杭电OJ第4245题 A Famous Music Composer

　　杭电OJ第4245题，A Famous Music Composer（题目链接）。

A Famous Music Composer

Problem Description
Mr. B is a famous music composer. One of his most famous work was his set of preludes. These 24 pieces span the 24 musical keys (there are musically distinct 12 scale notes, and each may use major or minor tonality). The 12 distinct scale notes are:

A

A#=Bb

B

C

C#=Db

D

D#=Eb

E

F

F#=Gb

G

G#=Ab

Five of the notes have two alternate names, as is indicated above with equals sign. Thus, there are 17 possible names of scale notes, but only 12 musically distinct notes. When using one of these as the keynote for a musical key, we can further distinguish between major and minor tonalities. This gives 34 possible keys, of which 24 are musically distinct.
In naming his preludes, Mr.
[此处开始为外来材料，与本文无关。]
lemma card_subsets_containing:
  assumes "finite A" "a \<in> A" "0 < k"
  shows "card {S. S \<subseteq> A \<and> card S = k \<and> a \<in> S} = (card A - 1) choose (k - 1)"
proof -
  have "bij_betw (insert a) {T. T \<subseteq> A - {a} \<and> card T = k - 1} {S. S \<subseteq> A \<and> card S = k \<and> a \<in> S}"
  proof (rule bij_betw_byWitness[where f'="\<lambda>S. S - {a}"])
    show "insert a ` {T. T \<subseteq> A - {a} \<and> card T = k - 1} \<subseteq> {S. S \<subseteq> A \<and> card S = k \<and> a \<in> S}"
    proof clarify
      fix T assume "T \<subseteq> A - {a}" "card T = k - 1"
      moreover from this have "finite T" "a \<notin> T"
        using assms(1) finite_subset by blast+
      ultimately show "insert a T \<subseteq> A \<and> card (insert a T) = k \<and> a \<in> insert a T"
        using assms by auto
    qed
    show "(\<lambda>S. S - {a}) ` {S. S \<subseteq> A \<and> card S = k \<and> a \<in> S} \<subseteq> {T. T \<subseteq> A - {a} \<and> card T = k - 1}"
      using assms by (auto dest: finite_subset)
  qed auto
  then have "card {S. S \<subseteq> A \<and> card S = k \<and> a \<in> S} = card {T. T \<subseteq> A - {a} \<and> card T = k - 1}"
    by (simp add: bij_betw_same_card)
  also have "\<dots> = card (A - {a}) choose (k - 1)"
    using assms by (intro n_subsets) auto
  finally show ?thesis
    using assms by simp
qed

lemma sum_subsets_of_card_sum:
  fixes w :: "'a \<Rightarrow> real"
  assumes "finite A" "0 < k"
  shows "(\<Sum>S\<in>{S. S \<subseteq> A \<and> card S = k}. \<Sum>a\<in>S. w a) = real ((card A - 1) choose (k - 1)) * (\<Sum>a\<in>A. w a)"
proof -
  let ?F = "{S. S \<subseteq> A \<and> card S = k}"
  have "(\<Sum>S\<in>?F. \<Sum>a\<in>S. w a) = (\<Sum>S\<in>?F. \<Sum>a\<in>A. if a \<in> S then w a else 0)"
  proof (rule sum.cong[OF refl])
    fix S assume "S \<in> ?F"
    then have "A \<inter> S = S" by auto
    then show "(\<Sum>a\<in>S. w a) = (\<Sum>a\<in>A. if a \<in> S then w a else 0)"
      using sum.inter_restrict[OF assms(1), of w S] by simp
  qed
  also have "\<dots> = (\<Sum>a\<in>A. \<Sum>S\<in>?F. if a \<in> S then w a else 0)"
    by (rule sum.swap)
  also have "\<dots> = (\<Sum>a\<in>A. real (card {S. S \<subseteq> A \<and> card S = k \<and> a \<in> S}) * w a)"
    using assms(1) by (intro sum.cong refl) (simp add: sum.If_cases Int_def conj_ac)
  also have "\<dots> = (\<Sum>a\<in>A. real ((card A - 1) choose (k - 1)) * w a)"
    using assms by (intro sum.cong refl) (simp add: card_subsets_containing)
  finally show ?thesis
    by (simp add: sum_distrib_left)
qed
B used all the keys except the following 10, which were named instead by their alternate names:

Ab minor	A# major	A# minor	C# major	Db minor
D# major	D# minor	Gb major	Gb minor	G# minor

Write a program that, given the name of a key, give an alternate name if it has one, or report the key name is unique.
Input
Each test case is described by one line having the format "note tonality", where "note" is one of the 17 names for the scale notes given above, and "tonality" is either "major" or "minor" (quotes for clarify).
Output
For each case output the required answer, following the format of the sample.
Sample Input
Ab minor

D# major

G minor
Sample Output
Case 1: G# minor

Case 2: Eb major

Case 3: UNIQUE
Source
Fudan Local Programming Contest 2012

　　解题思路：逐一判断，有别名的输出别名；没有别名的输出UNIQUE
　　C语言源代码如下：

#include <stdio.h>
#include <stdlib.h>
#include <assert.h>
#include <stdbool.h>

int main (void)
{
int test_case = 0;
char note[1000];
while ( gets( note ) != NULL )
{
test_case ++;
if ( note[0] == 'A' && note[1] == ' ' )
printf( "Case %d: UNIQUE\n", test_case );
else if ( note[0] == 'A' && note[1] == '#' )
{
note[0] = 'B';
note[1] = 'b';
printf( "Case %d: %s\n", test_case, note );
}
else if ( note[0] == 'B' && note[1] == 'b' )
{
note[0] = 'A';
note[1] = '#';
printf( "Case %d: %s\n", test_case, note );
}
else if ( note[0] == 'B' && note[1] == ' ' )
printf( "Case %d: UNIQUE\n", test_case );
else if ( note[0] == 'C' && note[1] == ' ' )
printf( "Case %d: UNIQUE\n", test_case );
else if ( note[0] == 'C' && note[1] == '#' )
{
note[0] = 'D';
note[1] = 'b';
printf( "Case %d: %s\n", test_case, note );
}
else if ( note[0] == 'D' && note[1] == 'b' )
{
note[0] = 'C';
note[1] = '#';
printf( "Case %d: %s\n", test_case, note );
}
else if ( note[0] == 'D' && note[1] == ' ' )
printf( "Case %d: UNIQUE\n", test_case );
else if ( note[0] == 'D' && note[1] == '#' )
{
note[0] = 'E';
note[1] = 'b';
printf( "Case %d: %s\n", test_case, note );
}
else if ( note[0] == 'E' && note[1] == 'b' )
{
note[0] = 'D';
note[1] = '#';
printf( "Case %d: %s\n", test_case, note );
}
else if ( note[0] == 'E' && note[1] == ' ' )
printf( "Case %d: UNIQUE\n", test_case );
else if ( note[0] == 'F' && note[1] == ' ' )
printf( "Case %d: UNIQUE\n", test_case );
else if ( note[0] == 'F' && note[1] == '#' )
{
note[0] = 'G';
note[1] = 'b';
printf( "Case %d: %s\n", test_case, note );
}
else if ( note[0] == 'G' && note[1] == 'b' )
{
note[0] = 'F';
note[1] = '#';
printf( "Case %d: %s\n", test_case, note );
}
else if ( note[0] == 'G' && note[1] == ' ' )
printf( "Case %d: UNIQUE\n", test_case );
else if ( note[0] == 'G' && note[1] == '#' )
{
note[0] = 'A';
note[1] = 'b';
printf( "Case %d: %s\n", test_case, note );
}
else if ( note[0] == 'A' && note[1] == 'b' )
{
note[0] = 'G';
note[1] = '#';
printf( "Case %d: %s\n", test_case, note );
}
else
assert(false);
}
return EXIT_SUCCESS;
}